Exploring new hydrated delta type vanadium oxides for lithium intercalation

Abstract

Three hydrated double layered vanadium oxides, namely Na_0.35V₂O₅·0.8(H₂O), K_0.36(H₃O)_0.15V₂O₅ and (NH₄)_0.37V₂O₅·0.15(H₂O), were obtained by using mild hydrothermal conditions. Their delta type structural frameworks were solved by high-resolution synchrotron X-ray powder diffraction and the interlayer spacings were interpreted from difference Fourier maps. The inter-slab distances are modulated by the water content and the special arrangements of the alkali and ammonium cations.
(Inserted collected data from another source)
lemma normalized_cdf_gen_bound:
  assumes g: "g \<in> Gens" and s: "s \<in> {0..1}" "s' \<in> {0..1}"
  shows "\<bar>normalized_cdf (Re (g s)) - normalized_cdf (Re (g s'))\<bar>
           \<le> exp \<epsilon> * \<bar>normalized_cdf s - normalized_cdf s'\<bar>"
proof -
  define \<alpha> where "\<alpha> = Re (g s)"
  define \<beta> where "\<beta> = Re (g s')"
  have "g s \<in> unit_interval_c" "g s' \<in> unit_interval_c"
    using gen_image[OF g] s by (auto simp: unit_interval_c_def)
  then have \<alpha>\<beta>: "\<alpha> \<in> {0..1}" "\<beta> \<in> {0..1}" "g s = of_real \<alpha>" "g s' = of_real \<beta>"
    unfolding \<alpha>_def \<beta>_def using \<theta>_in_D p_\<theta> by auto
  define I where "I = complex_of_real ` {min s s'..max s s'}"
  have "{min s s'..max s s'} \<subseteq> {0..1}"
    using s by simp
  then have I: "I \<subseteq> unit_interval_c"
    unfolding I_def unit_interval_c_def by (rule image_mono)
  have "connected I"
    unfolding I_def by (intro connected_continuous_image continuous_on_of_real continuous_on_id connected_Icc)
  have "g ` I \<subseteq> \<real>"
    using image_mono[OF I, of g] gen_image[OF g] unit_interval_c_subset_Reals by blast
  moreover have "connected (g ` I)"
    by (rule connected_continuous_image[OF continuous_on_subset[OF continuous_on_gen[OF g] I] \<open>connected I\<close>])
  moreover have "complex_of_real \<alpha> \<in> g ` I" "complex_of_real \<beta> \<in> g ` I"
    unfolding I_def \<alpha>\<beta>(3,4)[symmetric] by (intro imageI; simp)+
  then have "complex_of_real (min \<alpha> \<beta>) \<in> g ` I" "complex_of_real (max \<alpha> \<beta>) \<in> g ` I"
    by (simp_all add: min_def max_def)
  ultimately have "complex_of_real ` {min \<alpha> \<beta>..max \<alpha> \<beta>} \<subseteq> g ` I"
    by (rule connected_Reals_Icc_subset)
  then have "normalized_cdf (max \<alpha> \<beta>) - normalized_cdf (min \<alpha> \<beta>)
      \<le> exp \<epsilon> * (normalized_cdf (max s s') - normalized_cdf (min s s'))"
    unfolding I_def using s by (intro normalized_cdf_segment_bound[OF g]) auto
  then show ?thesis
    using abs_normalized_cdf_diff \<alpha>\<beta>(1,2) s unfolding \<alpha>_def \<beta>_def by simp
qed

end
(* For all integers $n\geq 2$ and $m\geq 1$, $\mathrm{mbt}(K_{2n}\Box C_{2m+1})=\Delta(K_{2n}\Box C_{2m+1})+1=2n+2$.
   Context: A book embedding of a graph $G$ consists of a linear ordering of $V(G)$ (the vertices placed on the spine) together with an assignment of each edge to one of a set of pages such that no two edges on the same page cross, i.e. there are no two edges $uv$, $xy$ on the same page with $u<x<v<y$ in the ordering. A book embedding is matching if on every page each vertex is incident with at most one edge of that page. The matching book thickness $\mathrm{mbt}(G)$ is the minimum number of pages over all matching book embeddings of $G$. $\Delta(G)$ denotes the maximum degree of $G$. $K_r$ is the complete graph on $r$ vertices, $C_s$ the cycle on $s$ vertices. The Cartesian product $G\Box B$ has vertex set $V(G)\times V(B)$, with $(u_1,v_1)$ adjacent to $(u_2,v_2)$ iff either $u_1=u_2$ and $v_1v_2\in E(B)$, or $v_1=v_2$ and $u_1u_2\in E(G)$. *)

theory Defs
  imports Main
begin

type_synonym 'a graph = "'a set \<times> 'a set set"

definition verts :: "'a graph \<Rightarrow> 'a set" where "verts G = fst G"
definition edges :: "'a graph \<Rightarrow> 'a set set" where "edges G = snd G"

definition complete_graph :: "nat \<Rightarrow> nat graph" where
  "complete_graph r = ({0..<r}, {{u, v} | u v. u < r \<and> v < r \<and> u \<noteq> v})"

text \<open>Cycle on s vertices (meaningful for s \<ge> 3).\<close>
definition cycle_graph :: "nat \<Rightarrow> nat graph" where
  "cycle_graph s = ({0..<s}, {{i, (i + 1) mod s} | i. i < s})"

definition cart_prod :: "'a graph \<Rightarrow> 'b graph \<Rightarrow> ('a \<times> 'b) graph" where
  "cart_prod G B = (verts G \<times> verts B,
     {{(u, v1), (u, v2)} | u v1 v2. u \<in> verts G \<and> {v1, v2} \<in> edges B}
   \<union> {{(u1, v), (u2, v)} | u1 u2 v. v \<in> verts B \<and> {u1, u2} \<in> edges G})"

definition degree :: "'a graph \<Rightarrow> 'a \<Rightarrow> nat" where
  "degree G v = card {e \<in> edges G. v \<in> e}"

definition max_degree :: "'a graph \<Rightarrow> nat" where
  "max_degree G = Max (degree G ` verts G)"
(* Let $\mathbb{F}$ be an algebraically closed field. Let $A_1,\dots,A_4,B_1,\dots,B_4\in M(2)$ satisfy the Standing Hypothesis, and suppose $A_1=\begin{pmatrix}a_1&1\\0&a_1\end{pmatrix}$ and $B_1=\begin{pmatrix}b_1&0\\0&b_4\end{pmatrix}$ for some $a_1,b_1,b_4\in\mathbb{F}$. Then $\mathrm{tr}(A_1A_2A_3A_4)=\mathrm{tr}(B_1B_2B_3B_4)$.
   Context: $M(2)$ is the space of $2\times 2$ matrices over $\mathbb{F}$. Standing Hypothesis: $\mathrm{tr}(A_i)=\mathrm{tr}(B_i)$ and $\det(A_i)=\det(B_i)$ for $1\le i\le 4$; $\mathrm{tr}(A_iA_j)=\mathrm{tr}(B_iB_j)$ for $1\le i<j\le 4$; $\mathrm{tr}(A_iA_jA_k)=\mathrm{tr}(B_iB_jB_k)$ for $1\le i<j<k\le 4$. *)

theory Defs
  imports "HOL-Analysis.Analysis" "HOL-Computational_Algebra.Polynomial"
begin

definition mat2 :: "'a::zero \<Rightarrow> 'a \<Rightarrow> 'a \<Rightarrow> 'a \<Rightarrow> 'a^2^2" where
  "mat2 a b c d = vector [vector [a, b], vector [c, d]]"

definition standing_hyp :: "(nat \<Rightarrow> 'a::comm_ring_1^2^2) \<Rightarrow> (nat \<Rightarrow> 'a^2^2) \<Rightarrow> bool" where
  "standing_hyp A B \<longleftrightarrow>
     (\<forall>i\<in>{1..4}. trace (A i) = trace (B i) \<and> det (A i) = det (B i)) \<and>
     (\<forall>i j. 1 \<le> i \<and> i < j \<and> j \<le> 4 \<longrightarrow> trace (A i ** A j) = trace (B i ** B j)) \<and>
     (\<forall>i j k. 1 \<le> i \<and> i < j \<and> j < k \<and> k \<le> 4 \<longrightarrow>
        trace (A i ** A j ** A k) = trace (B i ** B j ** B k))"

end

theory Submission
  imports Defs
begin

text \<open>
  Equal trace and determinant force the diagonal matrix B1 to have the double
  eigenvalue of the Jordan block A1, so B1 = a1 I. Writing A1 = a1 I + E12 gives
  tr (A1 M) = a1 tr M + M21; comparing this for M = Ai with tr (B1 Bi) = a1 tr Bi
  shows that A2, A3, A4 are upper triangular. Hence so is their product, and both
  fourfold traces reduce to a1 times the equal threefold traces.
\<close>

lemma trace_2: "trace (M :: 'a::comm_ring_1^2^2) = M$1$1 + M$2$2"
  by (simp add: trace_def UNIV_2)

lemma matrix_mult_2_nth:
  "((M :: 'a::comm_ring_1^2^2) ** N)$i$j = M$i$1 * N$1$j + M$i$2 * N$2$j"
  by (simp add: matrix_matrix_mult_def UNIV_2)

lemma mat2_nth [simp]:
  "mat2 a b c d $1$1 = a" "mat2 a b c d $1$2 = b"
  "mat2 a b c d $2$1 = c" "mat2 a b c d $2$2 = d"
  by (simp_all add: mat2_def)

lemma trace_jordan_block_mult:
  "trace (mat2 a 1 0 a ** (M :: 'a::comm_ring_1^2^2)) = a * trace M + M$2$1"
  by (simp add: trace_2 matrix_mult_2_nth algebra_simps)

lemma trace_scalar_mat2_mult:
  "trace (mat2 a 0 0 a ** (M :: 'a::comm_ring_1^2^2)) = a * trace M"
  by (simp add: trace_2 matrix_mult_2_nth algebra_simps)

lemma upper_triangular_2_mult:
  fixes M N :: "'a::comm_ring_1^2^2"
  assumes "M$2$1 = 0" and "N$2$1 = 0"
  shows "(M ** N)$2$1 = 0"
  using assms by (simp add: matrix_mult_2_nth)

lemma mat2_diagonal_eq_scalar_of_char_poly_jordan_block:
  fixes a b d :: "'a::idom"
  assumes "trace (mat2 a 1 0 a) = trace (mat2 b 0 0 d)"
    and "det (mat2 a 1 0 a) = det (mat2 b 0 0 d)"
  shows "b = a" and "d = a"
proof -
  have sum: "d = a + a - b" and prod: "a * a = b * d"
    using assms by (simp_all add: trace_2 det_2 algebra_simps)
  have "(b - a)^2 = 0"
    using prod unfolding sum by (simp add: power2_eq_square algebra_simps)
  then show "b = a" by simp
  with sum show "d = a" by simp
qed

theorem lemma6:
  fixes A B :: "nat \<Rightarrow> 'a::alg_closed_field^2^2"
    and a1 b1 b4 :: 'a
  assumes "standing_hyp A B"
    and "A 1 = mat2 a1 1 0 a1"
    and "B 1 = mat2 b1 0 0 b4"
  shows "trace (A 1 ** A 2 ** A 3 ** A 4) = trace (B 1 ** B 2 ** B 3 ** B 4)"
proof -
  note hyp = assms(1)[unfolded standing_hyp_def]
  have "trace (A 1) = trace (B 1)" "det (A 1) = det (B 1)"
    using hyp by auto
  then have "b1 = a1" "b4 = a1"
    using mat2_diagonal_eq_scalar_of_char_poly_jordan_block by (simp_all only: assms(2,3))
  then have B1: "B 1 = mat2 a1 0 0 a1" using assms(3) by simp
  have upper: "A i $2$1 = 0" if "i \<in> {2,3,4}" for i
  proof -
    have "trace (A 1 ** A i) = trace (B 1 ** B i)" "trace (A i) = trace (B i)"
      using hyp that by auto
    then show ?thesis
      unfolding assms(2) B1 trace_jordan_block_mult trace_scalar_mat2_mult by simp
  qed
  have "(A 2 ** A 3 ** A 4)$2$1 = 0"
    using upper by (simp add: upper_triangular_2_mult)
  moreover have "trace (A 2 ** A 3 ** A 4) = trace (B 2 ** B 3 ** B 4)"
    using hyp by auto
  ultimately show ?thesis
    unfolding matrix_mul_assoc[symmetric] assms(2) B1
      trace_jordan_block_mult trace_scalar_mat2_mult by simp
qed

end
lemma sigmaE_preimE: "sigmaE ` preimE X = preimE X"
proof
  show "sigmaE ` preimE X \<subseteq> preimE X"
    using sigmaE_PhiPlus unfolding preimE_def by auto
  show "preimE X \<subseteq> sigmaE ` preimE X"
  proof
    fix v assume v: "v \<in> preimE X"
    then have "v \<in> PhiPlus" "sigmaE v \<in> preimE X"
      using sigmaE_PhiPlus unfolding preimE_def by auto
    then show "v \<in> sigmaE ` preimE X" using sigmaE_PhiPlus(3) by (metis image_eqI)
  qed
qed

lemma admF_image_of_invariant:
  assumes adm: "admE B" and inv: "sigmaE ` B = B"
  shows "admF (pE ` B)" "preimE (pE ` B) = B"
proof -
  have BP: "B \<subseteq> PhiPlus" and orth: "\<forall>g1\<in>B. \<forall>g2\<in>B. g1 \<noteq> g2 \<longrightarrow> ipE g1 g2 = 0"
    using adm unfolding admE_def by auto
  have sigB: "b \<in> B \<Longrightarrow> sigmaE b \<in> B" for b using inv by blast
  show pre: "preimE (pE ` B) = B"
  proof
    show "B \<subseteq> preimE (pE ` B)" using BP unfolding preimE_def by auto
    show "preimE (pE ` B) \<subseteq> B"
    proof
      fix v assume "v \<in> preimE (pE ` B)"
      then obtain b where b: "b \<in> B" "v \<in> PhiPlus" "pE v = pE b" unfolding preimE_def by auto
      then have "v = b \<or> v = sigmaE b" using pE_fibre BP by blast
      then show "v \<in> B" using b sigB by auto
    qed
  qed
  have "ip4 x y = 0" if x: "x \<in> pE ` B" and y: "y \<in> pE ` B" and xy: "x \<noteq> y" for x y
  proof -
    obtain b1 b2 where b: "b1 \<in> B" "b2 \<in> B" "x = pE b1" "y = pE b2"
      using x y by auto
    have s2: "sigmaE b2 \<in> B" "pE (sigmaE b2) = pE b2"
      using sigB b(2) sigmaE_PhiPlus BP b(2) by auto
    have "b1 \<noteq> b2" "b1 \<noteq> sigmaE b2" using xy b(3,4) s2(2) by auto
    then have "ipE b1 b2 = 0" "ipE b1 (sigmaE b2) = 0" using orth b(1,2) s2(1) by auto
    moreover obtain x1 x2 where "b1 = vec6 x1" "b2 = vec6 x2"
      using BP b(1,2) unfolding PhiPlus_eq by blast
    ultimately show ?thesis using ip_fold[of x1 x2] b(3,4) by simp
  qed
  moreover have "pE ` B \<subseteq> PsiPlus" using BP pE_PhiPlus by auto
  ultimately show "admF (pE ` B)" unfolding admF_def using pre adm by simp
qed
(* Let $\ell,n$ be positive integers with $2^\ell\le n$. If $A\subseteq\mathbb{Z}_{2^n}$ satisfies $|A|>(1-2^{-\ell})2^n$, then there exist $x,y\in\mathbb{Z}_{2^n}$ such that $\Sigma^*\{\underbrace{x,\dots,x}_{2^\ell-1},y\}\subseteq A$.
   Context: For a multiset $S=\{a_1,\dots,a_d\}$ of (not necessarily distinct) elements of $\mathbb{Z}_{2^n}$, $\Sigma^*S=\{\sum_{i\in I}a_i \bmod 2^n:\emptyset\ne I\subseteq[d]\}$. Thus $\Sigma^*\{x,\dots,x,y\}$ (with $2^\ell-1$ copies of $x$) equals $\{jx: 1\le j\le 2^\ell-1\}\cup\{y+jx: 0\le j\le 2^\ell-1\}$. *)

theory Defs
  imports Complex_Main
begin

text \<open>Elements of Z_(2^n) are represented by naturals in {..<2^n}.
  A multiset S = {a_1,...,a_d} is represented by the list [a_1,...,a_d] (order irrelevant).
  sigma_star m xs is the set of all sums over nonempty index sets I of the entries, reduced mod m.\<close>

definition sigma_star :: "nat \<Rightarrow> nat list \<Rightarrow> nat set" where
  "sigma_star m xs = {(\<Sum>i\<in>I. xs ! i) mod m | I. I \<subseteq> {..<length xs} \<and> I \<noteq> {}}"

end

(* Let B be the complement of A, so that 2^l |B| < 2^n.  First pick an odd x with
   j x mod 2^n not in B for 0 < j < 2^l.  For a fixed b, a pair (j, x) with x odd and
   j x = b (mod 2^n) forces j to have the 2-adic valuation v of b, which leaves 2^(l-v-1)
   choices of j, and then determines x modulo 2^(n-v); so there are at most 2^(l-1) such
   pairs, and fewer than 2^(n-1) odd x are bad.  Then pick y with y + j x mod 2^n not in B
   for all j < 2^l by a union bound over the 2^l translates of B.  As
   sigma_star {x, ..., x, y} = {j x | 0 < j < 2^l} \<union> {y + j x | j < 2^l}, it lies in A. *)

theory Submission
  imports Defs "HOL-Number_Theory.Cong" "HOL-Computational_Algebra.Factorial_Ring"
begin

lemma two_power_dvd_mod_mult_odd_iff:
  fixes j x :: nat
  assumes "odd x" "k \<le> n"
  shows "2 ^ k dvd (j * x) mod 2 ^ n \<longleftrightarrow> 2 ^ k dvd j"
proof -
  have "2 ^ k dvd (j * x) mod 2 ^ n \<longleftrightarrow> 2 ^ k dvd j * x"
    using assms(2) by (simp add: dvd_mod_iff le_imp_power_dvd)
  also have "\<dots> \<longleftrightarrow> 2 ^ k dvd j"
    using assms(1) by (simp add: coprime_dvd_mult_left_iff)
  finally show ?thesis .
qed

lemma mod_two_power_mult_odd_cancel:
  fixes c x x' :: nat
  assumes "odd c" "(c * x) mod 2 ^ k = (c * x') mod 2 ^ k"
  shows "x mod 2 ^ k = x' mod 2 ^ k"
proof -
  have "coprime c (2 ^ k)" using assms(1) by simp
  then show ?thesis
    using assms(2) cong_mult_lcancel_nat unfolding cong_def by blast
qed

lemma mult_two_power_mod_two_power:
  fixes a :: nat
  assumes "v \<le> n"
  shows "(2 ^ v * a) mod 2 ^ n = 2 ^ v * (a mod 2 ^ (n - v))"
  using assms by (metis le_add_diff_inverse mod_mult_mult1 power_add)

lemma card_odd_less_double:
  "card {x :: nat. x < 2 * m \<and> odd x} = m"
proof -
  have "{x :: nat. x < 2 * m \<and> odd x} = (\<lambda>k. 2 * k + 1) ` {..<m}"
    by (auto elim!: oddE)
  moreover have "inj (\<lambda>k :: nat. 2 * k + 1)" by (auto intro: injI)
  ultimately show ?thesis by (simp add: card_image inj_on_subset)
qed

definition mult_fiber :: "nat \<Rightarrow> nat \<Rightarrow> nat \<Rightarrow> (nat \<times> nat) set" where
  "mult_fiber l n b = {(j, x). j \<in> {1..<2 ^ l} \<and> x < 2 ^ n \<and> odd x \<and> (j * x) mod 2 ^ n = b}"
The XPS measurements denote mixed valence systems with high contents of V⁴⁺ ions up to 40%. The monitoring of the V⁴⁺ EPR signal over time suggests a reduction of the electronic delocalization on account of the partial oxidation to V⁵⁺. The electrochemical performance of the active phases is strongly conditioned by the vacuum-drying process of the electrodes, showing better capacity retention when vacuum is not applied. In situ X-ray diffraction shows a structural mechanism of contraction/expansion of the bilayers upon lithium insertion/extraction where the alkali ions behave as structural stabilizers. Galvanostatic cycling at very low current density implies migration of the alkali “pillars” triggering the collapse of the structure.